About four or five months ago I was looking for a local 5K to participate in and I stumbled upon this link for the Divas Half Marathon Series. www.runlikeadiva.com/
It looked like fun and I decided right then and there that I was going to do it. I had never entertained the thought of running a half marathon before. Actually, until I joined SP I never thought about participating in any sort of race. After deciding to run this race, I naturally started training. I set an overall goal of a) finishing the race (otherwise, what's the point?) and b) not being last.
The day of race I was really, really nervous. I had to wake up at 5 am to go with my friend to get the rental car to drive up to Long Island. I'm so glad Emma was there with me because she made things a little easier. I couldn't believe how nervous I was, that's not usually an emotion I struggle with. I contemplated quitting before it began about a dozen times. I knew that I was stronger than that though and I remembered something my SP bestie EBEAMS wrote a while back: our bodies are capable of doing much more than we think (paraphrased). I knew that I could physically complete 13.1 miles, it was just a mental block. I think I can, I think I can...that was playing over and over in my head until the race started.
I was in the last corral (13 minute mile and above) so it was a few minutes until I was able to start running (jogging actually). That first mile felt really long. After that it started to get a little easier until the fourth mile. I honestly considered just walking back to the van that was at the back of the pack (ensuring that everyone finished in the time limit) and quitting. But then I thought about all of the people I'd be letting down. I knew that EBEAMS and my other SP buddies were rooting for me and that MUFFIY831 was also running her first half marathon. After I talked myself out of quitting, the next three miles were a breeze. It also helped that I was keeping pace with this girl who silently pushed me harder than I would have pushed myself.

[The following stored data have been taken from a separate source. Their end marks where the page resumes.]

(* Let $\mathrm{VFS}$, $\mathrm{CPS}$, the negative translation ($V^{\sim}$, $M^{\wr}$, $M^{-}$) and the inverse translation ($P^{+}$, $M^{\times}$, $V^{\times\times}$) be as in the context. Then: (1) for all terms $M$ and values $V$ of $\mathrm{VFS}$, $(M^{-})^{+}=M$, $(M^{\wr})^{\times}=M$ and $(V^{\sim})^{\times\times}=V$; (2) for all terms $P$, commands $M$ and values $V$ of $\mathrm{CPS}$, $(P^{+})^{-}=P$, $(M^{\times})^{\wr}=M$ and $(V^{\times\times})^{\sim}=V$; (3) if $M_1\to M_2$ in $\mathrm{VFS}$ then $M_1^{\wr}\to M_2^{\wr}$ in $\mathrm{CPS}$ (hence $M_1^{-}\to M_2^{-}$ in $\mathrm{CPS}$); (4) if $M_1\to M_2$ for commands in $\mathrm{CPS}$ then $M_1^{\times}\to M_2^{\times}$ in $\mathrm{VFS}$; hence if $P_1\to P_2$ for terms in $\mathrm{CPS}$ then $P_1^{+}\to P_2^{+}$ in $\mathrm{VFS}$.
   Context: Terms are considered up to $\alpha$-conversion; $[V/x]$ and $[K/k]$ denote capture-avoiding substitution; $\to$ denotes one-step reduction, i.e. the closure of the listed rules under all constructors. $\mathrm{VFS}$: terms $M,N::=\uparrow V\mid \mathsf{C}_v(V,c)$; values $V,W::=x\mid\lambda x.M$; formal contexts $c::= x.M\mid (W,x.M)$ ($x$ bound in $M$). Auxiliary operation: $\mathsf{C}_v(\uparrow V:c')=\mathsf{C}_v(V,c')$, $\mathsf{C}_v(\mathsf{C}_v(V,c):c')=\mathsf{C}_v(V,(c:c'))$, $((x.M):c')=x.\mathsf{C}_v(M:c')$, $((W,x.M):c')=(W,x.\mathsf{C}_v(M:c'))$. Rules: $(B_v)$ $\mathsf{C}_v(\lambda x.M,(V,y.N))\to \mathsf{C}_v(V,x.\mathsf{C}_v(M:y.N))$; $(\sigma_v)$ $\mathsf{C}_v(V,y.N)\to [V/y]N$. $\mathrm{CPS}$ (with a fixed distinguished covariable $k$): commands $M,N::= kV\mid KV\mid VWK$; continuations $K::=\lambda x.M$; values $V,W::=\lambda x.P\mid x$; terms $P::=\lambda k.M$. Rules: $(\sigma_v)$ $(\lambda x.M)V\to[V/x]M$; $(B_v)$ $(\lambda x.\lambda k.M)WK\to(\lambda x.[K/k]M)W$. Negative translation: $x^{\sim}=x$; $(\lambda x.M)^{\sim}=\lambda x.M^{-}$; $M^{-}=\lambda k.M^{\wr}$; $(\uparrow V)^{\wr}=kV^{\sim}$; $\mathsf{C}_v(V,x.M)^{\wr}=(\lambda x.M^{\wr})V^{\sim}$; $\mathsf{C}_v(V,(W,x.M))^{\wr}=V^{\sim}W^{\sim}(\lambda x.M^{\wr})$. Inverse translation: $(\lambda k.M)^{+}=M^{\times}$; $(kV)^{\times}=\uparrow(V^{\times\times})$; $((\lambda x.M)V)^{\times}=\mathsf{C}_v(V^{\times\times},x.M^{\times})$; $(VW(\lambda x.M))^{\times}=\mathsf{C}_v(V^{\times\times},(W^{\times\times},x.M^{\times}))$; $x^{\times\times}=x$; $(\lambda x.P)^{\times\times}=\lambda x.P^{+}$. *)

theory Defs
  imports Main
begin

text \<open>Terms are represented with de Bruijn indices for value variables, so that
  terms are identified up to alpha-conversion and substitution is capture-avoiding
  by construction.  The single CPS covariable k needs no index: an occurrence of k
  always refers to the nearest enclosing binder lambda k.\<close>

datatype vtm =
    VRet vval
  | VCut vval vctx
and vval =
    VVar nat
  | VLam vtm             \<comment> \<open>lambda x. M\<close>
and vctx =
    VAbs vtm             \<comment> \<open>x.M\<close>
  | VArg vval vtm        \<comment> \<open>(W, x.M)\<close>

fun vlift_tm :: "nat \<Rightarrow> vtm \<Rightarrow> vtm"
and vlift_val :: "nat \<Rightarrow> vval \<Rightarrow> vval"
and vlift_ctx :: "nat \<Rightarrow> vctx \<Rightarrow> vctx" where
  "vlift_tm c (VRet V) = VRet (vlift_val c V)"
| "vlift_tm c (VCut V k) = VCut (vlift_val c V) (vlift_ctx c k)"
| "vlift_val c (VVar i) = VVar (if i < c then i else Suc i)"
| "vlift_val c (VLam M) = VLam (vlift_tm (Suc c) M)"
| "vlift_ctx c (VAbs M) = VAbs (vlift_tm (Suc c) M)"
| "vlift_ctx c (VArg W M) = VArg (vlift_val c W) (vlift_tm (Suc c) M)"

text \<open>vsubst_tm j U N substitutes U for the variable with index j in N
  (and lowers the indices above j): this is [U/x]N when x is bound at j.\<close>
fun vsubst_tm :: "nat \<Rightarrow> vval \<Rightarrow> vtm \<Rightarrow> vtm"
and vsubst_val :: "nat \<Rightarrow> vval \<Rightarrow> vval \<Rightarrow> vval"
and vsubst_ctx :: "nat \<Rightarrow> vval \<Rightarrow> vctx \<Rightarrow> vctx" where
  "vsubst_tm j U (VRet V) = VRet (vsubst_val j U V)"
| "vsubst_tm j U (VCut V k) = VCut (vsubst_val j U V) (vsubst_ctx j U k)"
| "vsubst_val j U (VVar i) = (if i < j then VVar i else if i = j then U else VVar (i - 1))"
| "vsubst_val j U (VLam M) = VLam (vsubst_tm (Suc j) (vlift_val 0 U) M)"
| "vsubst_ctx j U (VAbs M) = VAbs (vsubst_tm (Suc j) (vlift_val 0 U) M)"
| "vsubst_ctx j U (VArg W M) = VArg (vsubst_val j U W) (vsubst_tm (Suc j) (vlift_val 0 U) M)"

fun vapp_tm :: "vtm \<Rightarrow> vctx \<Rightarrow> vtm"
and vapp_ctx :: "vctx \<Rightarrow> vctx \<Rightarrow> vctx" where
  "vapp_tm (VRet V) c' = VCut V c'"
| "vapp_tm (VCut V c) c' = VCut V (vapp_ctx c c')"
| "vapp_ctx (VAbs M) c' = VAbs (vapp_tm M (vlift_ctx 0 c'))"
| "vapp_ctx (VArg W M) c' = VArg W (vapp_tm M (vlift_ctx 0 c'))"

inductive vstep_tm :: "vtm \<Rightarrow> vtm \<Rightarrow> bool"
and vstep_val :: "vval \<Rightarrow> vval \<Rightarrow> bool"
and vstep_ctx :: "vctx \<Rightarrow> vctx \<Rightarrow> bool" where
  vBv: "vstep_tm (VCut (VLam M) (VArg V N)) (VCut V (VAbs (vapp_tm M (vlift_ctx 0 (VAbs N)))))"
| vsigma: "vstep_tm (VCut V (VAbs N)) (vsubst_tm 0 V N)"
| vRet: "vstep_val V V' \<Longrightarrow> vstep_tm (VRet V) (VRet V')"
| vCut1: "vstep_val V V' \<Longrightarrow> vstep_tm (VCut V c) (VCut V' c)"
| vCut2: "vstep_ctx c c' \<Longrightarrow> vstep_tm (VCut V c) (VCut V c')"
| vLam: "vstep_tm M M' \<Longrightarrow> vstep_val (VLam M) (VLam M')"
| vAbs: "vstep_tm M M' \<Longrightarrow> vstep_ctx (VAbs M) (VAbs M')"
| vArg1: "vstep_val W W' \<Longrightarrow> vstep_ctx (VArg W M) (VArg W' M)"
| vArg2: "vstep_tm M M' \<Longrightarrow> vstep_ctx (VArg W M) (VArg W M')"

datatype ccmd =
    CRet cval              \<comment> \<open>k V\<close>
  | CCont ccnt cval        \<comment> \<open>K V\<close>
  | CApp cval cval ccnt    \<comment> \<open>V W K\<close>
and ccnt =
    CK ccmd                \<comment> \<open>lambda x. M\<close>
and cval =
    CVar nat
  | CLam cterm             \<comment> \<open>lambda x. P\<close>
and cterm =
    CP ccmd                \<comment> \<open>lambda k. M\<close>

fun clift_cmd :: "nat \<Rightarrow> ccmd \<Rightarrow> ccmd"
and clift_cnt :: "nat \<Rightarrow> ccnt \<Rightarrow> ccnt"
and clift_val :: "nat \<Rightarrow> cval \<Rightarrow> cval"
and clift_term :: "nat \<Rightarrow> cterm \<Rightarrow> cterm" where
  "clift_cmd c (CRet V) = CRet (clift_val c V)"
| "clift_cmd c (CCont K V) = CCont (clift_cnt c K) (clift_val c V)"
| "clift_cmd c (CApp V W K) = CApp (clift_val c V) (clift_val c W) (clift_cnt c K)"
| "clift_cnt c (CK M) = CK (clift_cmd (Suc c) M)"
| "clift_val c (CVar i) = CVar (if i < c then i else Suc i)"
| "clift_val c (CLam P) = CLam (clift_term (Suc c) P)"
| "clift_term c (CP M) = CP (clift_cmd c M)"

fun csubst_cmd :: "nat \<Rightarrow> cval \<Rightarrow> ccmd \<Rightarrow> ccmd"
and csubst_cnt :: "nat \<Rightarrow> cval \<Rightarrow> ccnt \<Rightarrow> ccnt"
and csubst_val :: "nat \<Rightarrow> cval \<Rightarrow> cval \<Rightarrow> cval"
and csubst_term :: "nat \<Rightarrow> cval \<Rightarrow> cterm \<Rightarrow> cterm" where
  "csubst_cmd j U (CRet V) = CRet (csubst_val j U V)"
| "csubst_cmd j U (CCont K V) = CCont (csubst_cnt j U K) (csubst_val j U V)"
| "csubst_cmd j U (CApp V W K) = CApp (csubst_val j U V) (csubst_val j U W) (csubst_cnt j U K)"
| "csubst_cnt j U (CK M) = CK (csubst_cmd (Suc j) (clift_val 0 U) M)"
| "csubst_val j U (CVar i) = (if i < j then CVar i else if i = j then U else CVar (i - 1))"
| "csubst_val j U (CLam P) = CLam (csubst_term (Suc j) (clift_val 0 U) P)"
| "csubst_term j U (CP M) = CP (csubst_cmd j U M)"

text \<open>[K/k]M: replaces the free occurrences of the covariable k in the command M.
  Values contain no free k (their k is bound by their own lambda k).\<close>
fun ksubst_cmd :: "ccnt \<Rightarrow> ccmd \<Rightarrow> ccmd" where
  "ksubst_cmd K (CRet V) = CCont K V"
| "ksubst_cmd K (CCont (CK M) V) = CCont (CK (ksubst_cmd (clift_cnt 0 K) M)) V"
| "ksubst_cmd K (CApp V W (CK M)) = CApp V W (CK (ksubst_cmd (clift_cnt 0 K) M))"

inductive cstep_cmd :: "ccmd \<Rightarrow> ccmd \<Rightarrow> bool"
and cstep_cnt :: "ccnt \<Rightarrow> ccnt \<Rightarrow> bool"
and cstep_val :: "cval \<Rightarrow> cval \<Rightarrow> bool"
and cstep_term :: "cterm \<Rightarrow> cterm \<Rightarrow> bool" where
  csigma: "cstep_cmd (CCont (CK M) V) (csubst_cmd 0 V M)"
| cBv: "cstep_cmd (CApp (CLam (CP M)) W K) (CCont (CK (ksubst_cmd (clift_cnt 0 K) M)) W)"
| cRet: "cstep_val V V' \<Longrightarrow> cstep_cmd (CRet V) (CRet V')"
| cCont1: "cstep_cnt K K' \<Longrightarrow> cstep_cmd (CCont K V) (CCont K' V)"
| cCont2: "cstep_val V V' \<Longrightarrow> cstep_cmd (CCont K V) (CCont K V')"
| cApp1: "cstep_val V V' \<Longrightarrow> cstep_cmd (CApp V W K) (CApp V' W K)"
| cApp2: "cstep_val W W' \<Longrightarrow> cstep_cmd (CApp V W K) (CApp V W' K)"
| cApp3: "cstep_cnt K K' \<Longrightarrow> cstep_cmd (CApp V W K) (CApp V W K')"
| cK: "cstep_cmd M M' \<Longrightarrow> cstep_cnt (CK M) (CK M')"
| cLam: "cstep_term P P' \<Longrightarrow> cstep_val (CLam P) (CLam P')"
| cP: "cstep_cmd M M' \<Longrightarrow> cstep_term (CP M) (CP M')"

fun neg_wr :: "vtm \<Rightarrow> ccmd"
and neg_val :: "vval \<Rightarrow> cval" where
  "neg_wr (VRet V) = CRet (neg_val V)"
| "neg_wr (VCut V (VAbs M)) = CCont (CK (neg_wr M)) (neg_val V)"
| "neg_wr (VCut V (VArg W M)) = CApp (neg_val V) (neg_val W) (CK (neg_wr M))"
| "neg_val (VVar x) = CVar x"
| "neg_val (VLam M) = CLam (CP (neg_wr M))"

definition neg_tm :: "vtm \<Rightarrow> cterm" where
  "neg_tm M = CP (neg_wr M)"

fun inv_cmd :: "ccmd \<Rightarrow> vtm"
and inv_val :: "cval \<Rightarrow> vval"
and inv_term :: "cterm \<Rightarrow> vtm" where
  "inv_term (CP M) = inv_cmd M"
| "inv_cmd (CRet V) = VRet (inv_val V)"
| "inv_cmd (CCont (CK M) V) = VCut (inv_val V) (VAbs (inv_cmd M))"
| "inv_cmd (CApp V W (CK M)) = VCut (inv_val V) (VArg (inv_val W) (inv_cmd M))"
| "inv_val (CVar x) = VVar x"
| "inv_val (CLam P) = VLam (inv_term P)"

end

theory Submission
  imports Defs
begin

text \<open>The negative translation is a syntactic bijection between VFS and CPS whose inverse
  is the inverse translation.  It commutes with lifting and substitution of values and sends
  the auxiliary operation M : (x.N) to the covariable substitution [K/k], so every VFS redex is
  sent to a CPS redex of the same rule and its contractum to the corresponding contractum.
  Transporting these commutation laws along the bijection gives the same laws for the inverse
  translation, which therefore simulates CPS reduction in the same way.\<close>

lemma inv_cmd_neg_wr: "inv_cmd (neg_wr M) = M"
  and inv_val_neg_val: "inv_val (neg_val V) = V"
  by (induction M and V rule: neg_wr_neg_val.induct) auto

lemma neg_wr_inv_cmd: "neg_wr (inv_cmd M) = M"
  and neg_val_inv_val: "neg_val (inv_val V) = V"
  and neg_tm_inv_term: "neg_tm (inv_term P) = P"
  by (induction M and V and P rule: inv_cmd_inv_val_inv_term.induct) (auto simp: neg_tm_def)

lemma inv_term_neg_tm: "inv_term (neg_tm M) = M"
  by (simp add: neg_tm_def inv_cmd_neg_wr)

lemma neg_wr_vlift: "neg_wr (vlift_tm c M) = clift_cmd c (neg_wr M)"
  and neg_val_vlift: "neg_val (vlift_val c V) = clift_val c (neg_val V)"
  by (induction M and V arbitrary: c and c rule: neg_wr_neg_val.induct) auto

lemma neg_wr_vsubst: "neg_wr (vsubst_tm j U M) = csubst_cmd j (neg_val U) (neg_wr M)"
  and neg_val_vsubst: "neg_val (vsubst_val j U V) = csubst_val j (neg_val U) (neg_val V)"
  by (induction M and V arbitrary: j U and j U rule: neg_wr_neg_val.induct)
    (auto simp: neg_val_vlift)

lemma neg_wr_vapp: "neg_wr (vapp_tm M (VAbs N)) = ksubst_cmd (CK (neg_wr N)) (neg_wr M)"
  by (induction M arbitrary: N rule: neg_wr_neg_val.induct(1)[where ?Q = "\<lambda>_. True"])
    (auto simp: neg_wr_vlift)

lemma inv_cmd_clift: "inv_cmd (clift_cmd c M) = vlift_tm c (inv_cmd M)"
  by (metis inv_cmd_neg_wr neg_wr_inv_cmd neg_wr_vlift)

lemma inv_cmd_csubst: "inv_cmd (csubst_cmd j U M) = vsubst_tm j (inv_val U) (inv_cmd M)"
  by (metis inv_cmd_neg_wr neg_wr_inv_cmd neg_val_inv_val neg_wr_vsubst)

lemma inv_cmd_ksubst: "inv_cmd (ksubst_cmd (CK N) M) = vapp_tm (inv_cmd M) (VAbs (inv_cmd N))"
  by (metis inv_cmd_neg_wr neg_wr_inv_cmd neg_wr_vapp)

lemma neg_wr_vstep:
  "vstep_tm M M' \<Longrightarrow> cstep_cmd (neg_wr M) (neg_wr M')"
  and neg_val_vstep: "vstep_val V V' \<Longrightarrow> cstep_val (neg_val V) (neg_val V')"
  \<comment> \<open>Context steps are stated under a cut: only a cut against a formal context is translated.\<close>
  and neg_wr_VCut_vstep_ctx:
    "vstep_ctx c c' \<Longrightarrow> \<forall>V. cstep_cmd (neg_wr (VCut V c)) (neg_wr (VCut V c'))"
proof (induction rule: vstep_tm_vstep_val_vstep_ctx.inducts)
  case (vBv M V N)
  have "neg_wr (vapp_tm M (vlift_ctx 0 (VAbs N)))
      = ksubst_cmd (clift_cnt 0 (CK (neg_wr N))) (neg_wr M)"
    by (simp add: neg_wr_vapp neg_wr_vlift)
  then show ?case
    using cBv[of "neg_wr M" "neg_val V" "CK (neg_wr N)"] by simp
next
  case (vsigma V N)
  show ?case
    by (simp add: neg_wr_vsubst csigma)
next
  case (vCut1 V V' c)
  then show ?case
    by (cases c) (auto intro: cCont2 cApp1)
qed (auto intro: cstep_cmd_cstep_cnt_cstep_val_cstep_term.intros)

lemma inv_cmd_cstep:
  "cstep_cmd M M' \<Longrightarrow> vstep_tm (inv_cmd M) (inv_cmd M')"
  and inv_cmd_cstep_cnt: "cstep_cnt K K' \<Longrightarrow>
      (\<forall>V. vstep_tm (inv_cmd (CCont K V)) (inv_cmd (CCont K' V))) \<and>
      (\<forall>V W. vstep_tm (inv_cmd (CApp V W K)) (inv_cmd (CApp V W K')))"
  and inv_val_cstep: "cstep_val V V' \<Longrightarrow> vstep_val (inv_val V) (inv_val V')"
  and inv_term_cstep: "cstep_term P P' \<Longrightarrow> vstep_tm (inv_term P) (inv_term P')"
proof (induction rule: cstep_cmd_cstep_cnt_cstep_val_cstep_term.inducts)
  case (csigma M V)
  show ?case
    by (simp add: inv_cmd_csubst vsigma)
next
  case (cBv M W K)
  obtain N where K: "K = CK N"
    by (cases K)
  have "inv_cmd (ksubst_cmd (clift_cnt 0 (CK N)) M)
      = vapp_tm (inv_cmd M) (vlift_ctx 0 (VAbs (inv_cmd N)))"
    by (simp add: inv_cmd_ksubst inv_cmd_clift)
  then show ?case
    using vBv[of "inv_cmd M" "inv_val W" "inv_cmd N"] by (simp add: K)
next
  case (cCont2 V V' K)
  then show ?case
    by (cases K) (simp add: vCut1)
next
  case (cApp1 V V' W K)
  then show ?case
    by (cases K) (simp add: vCut1)
next
  case (cApp2 W W' V K)
  then show ?case
    by (cases K) (simp add: vCut2 vArg1)
qed (auto intro: vstep_tm_vstep_val_vstep_ctx.intros)

theorem theorem3:
  shows "(\<forall>M. inv_term (neg_tm M) = M) \<and> (\<forall>M. inv_cmd (neg_wr M) = M) \<and> (\<forall>V. inv_val (neg_val V) = V)
    \<and> (\<forall>P. neg_tm (inv_term P) = P) \<and> (\<forall>M. neg_wr (inv_cmd M) = M) \<and> (\<forall>V. neg_val (inv_val V) = V)
    \<and> (\<forall>M1 M2. vstep_tm M1 M2 \<longrightarrow> cstep_cmd (neg_wr M1) (neg_wr M2) \<and> cstep_term (neg_tm M1) (neg_tm M2))
    \<and> (\<forall>M1 M2. cstep_cmd M1 M2 \<longrightarrow> vstep_tm (inv_cmd M1) (inv_cmd M2))
    \<and> (\<forall>P1 P2. cstep_term P1 P2 \<longrightarrow> vstep_tm (inv_term P1) (inv_term P2))"
proof (intro conjI allI impI)
  fix M M' assume "vstep_tm M M'"
  then show "cstep_term (neg_tm M) (neg_tm M')"
    unfolding neg_tm_def by (intro cP neg_wr_vstep)
qed (simp_all add: inv_term_neg_tm inv_cmd_neg_wr inv_val_neg_val neg_tm_inv_term
    neg_wr_inv_cmd neg_val_inv_val neg_wr_vstep inv_cmd_cstep inv_term_cstep)

end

This race was setup so well, they had cheerleaders about every two miles and all kinds of people cheering us on and music playing along the way. And the fact that the race consisted of 4,000 people (all women) made it that much more fun and exciting. One girl told me that I was awesome as she handed me a cup of water and it helped me realize that I *am* awesome for doing this.
At the last mile there was a station where some cheerleaders handed us tiaras and boas to wear. I felt silly running in that getup but it was pretty cool to see all of these ladies around me wearing the same thing as we ran across the finish line. I have never felt so accomplished as that moment I crossed the finish line and heard my name being called over the loudspeaker. I was immediately greeted by some hot, half-naked firefighters who put the medal on me and handed me a rose and glass of champagne. I had done it.
I met my goals: I finished (in 3:02) and I wasn't last by a long shot. And now I'm thinking about running this same race next year in Puerto Rico and have already set new goals for myself: beat my time, run MORE and help push someone else to do better like that nameless girl did for me.